Oreilly stayed with her in the room over the weekend. It was like the most beautiful party Sylvia could remember; she’d never laughed so much, for one thing, and no one, certainly no one in her family, had ever made her feel so loved. Oreilly was a fine cook, and he fixed delicious dishes on the little electric stove; once he scooped snow off the windowsill and made sherbet flavored with strawberry syrup. By Sunday she was strong enough to dance. They turned on the radio and she danced until she fell to her knees, windless and laughing. “I’ll never be afraid again,” she said. “I hardly know what I was afraid of to begin with.”
“The same things you’ll be afraid of the next time,” Oreilly told her quietly. “That is a quality of Master Misery: no one ever knows what he is—not even children, and they know mostly everything.”

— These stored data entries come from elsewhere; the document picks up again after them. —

(* Assume $A$ is passive, i.e. $\operatorname{Re}(x^*Ax)<0$ for all nonzero $x\in\mathbb C^n$, that $F\succeq0$, and that $V_k$ has full column rank. Let $X_k=V_kT_k^{-1}V_k^*$ and $R_k=C^*C+A^*X_k+X_kA-X_kFX_k$. Define $$K_k:=(V_k^*V_k)^{-1}V_k^*A^*V_k,\qquad g_k:=(V_k^*V_k)^{-1}V_k^*C^*.$$ Then: (i) $V_k^*R_kV_k=0$ if and only if $g_k=T_k^{-1}\mathbf 1$. (ii) $V_k^*R_kV_k=0$ if and only if $\Lambda_k^*T_k+T_kK_k-V_k^*FV_k=0$. (iii) If $V_k^*R_kV_k=0$, then, after a suitable ordering, $\alpha_j=-\bar\lambda_j$ for $j=1,\dots,k$, where $\lambda_1,\dots,\lambda_k$ are the eigenvalues (with multiplicity) of $$(V_k^*V_k)^{-1}V_k^*\big(A^*-V_kT_k^{-1}V_k^*F\big)V_k .$$
   Context: Let $A\in\mathbb C^{n\times n}$, let $C\in\mathbb C^{1\times n}$, and let $F\in\mathbb C^{n\times n}$ be Hermitian; $M^*$ denotes the conjugate transpose and $\succeq0$ denotes Hermitian positive semidefinite. Let $\alpha_1,\dots,\alpha_k\in\mathbb C$ be pairwise distinct with $\operatorname{Re}(\alpha_j)>0$ and $-A^*+\alpha_jI$ nonsingular. Set $$V_k=\big[(-A^*+\alpha_1I)^{-1}C^*,\dots,(-A^*+\alpha_kI)^{-1}C^*\big]\in\mathbb C^{n\times k},$$ $\Lambda_k=\operatorname{diag}(\alpha_1,\dots,\alpha_k)$, $\mathbf 1=[1,\dots,1]^T\in\mathbb R^k$, and let $T_k\in\mathbb C^{k\times k}$ be the matrix with entries $T_k(i,j)=\dfrac{1+(V_k^*FV_k)_{ij}}{\bar\alpha_i+\alpha_j}$, i.e. the unique solution of $\Lambda_k^*T+T\Lambda_k=V_k^*FV_k+\mathbf 1\mathbf 1^*$. Under these assumptions $T_k$ is Hermitian positive definite. *)

theory Defs
  imports "Jordan_Normal_Form.Schur_Decomposition" "Jordan_Normal_Form.DL_Rank"
begin

text \<open>A total matrix inverse: the two-sided inverse of a square matrix when it
exists (unique), otherwise an arbitrary square matrix of the same size.\<close>
definition minv :: "complex mat \<Rightarrow> complex mat" where
  "minv M = (SOME B. B \<in> carrier_mat (dim_row M) (dim_row M) \<and> inverts_mat M B \<and> inverts_mat B M)"

abbreviation ctr :: "complex mat \<Rightarrow> complex mat" where
  "ctr M \<equiv> mat_adjoint M"

definition Vk :: "nat \<Rightarrow> nat \<Rightarrow> complex mat \<Rightarrow> complex mat \<Rightarrow> (nat \<Rightarrow> complex) \<Rightarrow> complex mat" where
  "Vk n k A C \<alpha> = mat n k (\<lambda>(i,j).
      (minv (- ctr A + \<alpha> j \<cdot>\<^sub>m 1\<^sub>m n) * ctr C) $$ (i, 0))"

definition Lam :: "nat \<Rightarrow> (nat \<Rightarrow> complex) \<Rightarrow> complex mat" where
  "Lam k \<alpha> = mat k k (\<lambda>(i,j). if i = j then \<alpha> i else 0)"

definition Tk :: "nat \<Rightarrow> nat \<Rightarrow> complex mat \<Rightarrow> complex mat \<Rightarrow> complex mat \<Rightarrow> (nat \<Rightarrow> complex) \<Rightarrow> complex mat" where
  "Tk n k A C F \<alpha> = (let V = Vk n k A C \<alpha> in
      mat k k (\<lambda>(i,j). (1 + (ctr V * F * V) $$ (i,j)) / (cnj (\<alpha> i) + \<alpha> j)))"

definition ones :: "nat \<Rightarrow> complex mat" where
  "ones k = mat k 1 (\<lambda>_. 1)"

end

theory Submission
  imports Defs
begin

text \<open>The columns of \<open>V\<close> are resolvent vectors, which gives the shift identity
  \<open>A\<^sup>* V = V \<Lambda> - C\<^sup>* \<one>\<^sup>*\<close>, and the entrywise definition of \<open>T\<close> is the Lyapunov equation
  \<open>\<Lambda>\<^sup>* T + T \<Lambda> = V\<^sup>* F V + \<one> \<one>\<^sup>*\<close>. These two identities alone turn everything into matrix
  algebra: with \<open>u = V\<^sup>* C\<^sup>* - V\<^sup>* V T\<^sup>-\<^sup>1 \<one>\<close> one gets \<open>V\<^sup>* R V = u u\<^sup>*\<close>, and
  \<open>\<Lambda>\<^sup>* T + T K - V\<^sup>* F V = (\<one> - T g) \<one>\<^sup>*\<close>; both vanish exactly when \<open>g = T\<^sup>-\<^sup>1 \<one>\<close>. The
  projected closed-loop matrix equals \<open>T\<^sup>-\<^sup>1 (\<Lambda>\<^sup>* T + T K - V\<^sup>* F V) - T\<^sup>-\<^sup>1 \<Lambda>\<^sup>* T\<close>, so once the
  residual vanishes it is similar to \<open>-\<Lambda>\<^sup>*\<close>.

  \<open>T\<close> is invertible because a kernel vector \<open>x\<close> gives \<open>x\<^sup>* V\<^sup>* F V x + |\<one>\<^sup>* x|\<^sup>2 = 0\<close> through
  the Lyapunov equation, hence \<open>\<one>\<^sup>* x = 0\<close> and \<open>T \<Lambda> x = 0\<close>: the kernel is \<open>\<Lambda>\<close>-invariant and
  orthogonal to \<open>\<one>\<close>, which for distinct \<open>\<alpha>\<^sub>j\<close> leaves only \<open>0\<close>.\<close>

lemma mat_adjoint_carrier[simp]: "M \<in> carrier_mat m n \<Longrightarrow> ctr M \<in> carrier_mat n m"
  unfolding mat_adjoint_def by auto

Sylvia went to the window; an arctic whiteness lay over the city, but the snow had stopped, and the night sky was as clear as ice: there, riding above the river, she saw the first star of evening. “I see the first star,” she said, crossing her fingers.
“And what do you wish when you see the first star?”
“I wish to see another star,” she said. “At least that is what I usually wish.”
“But tonight?”
She sat down on the floor and leaned her head against his knee. “Tonight I wished that I could have back my dreams.”
“Don’t we all?” Oreilly said, stroking her hair. “But then what would you do? I mean what would you do if you could have them back?”
Sylvia was silent a moment; when she spoke her eyes were gravely distant. “I would go home,” she said slowly. “And that is a terrible decision, for it would mean giving up most of my other dreams.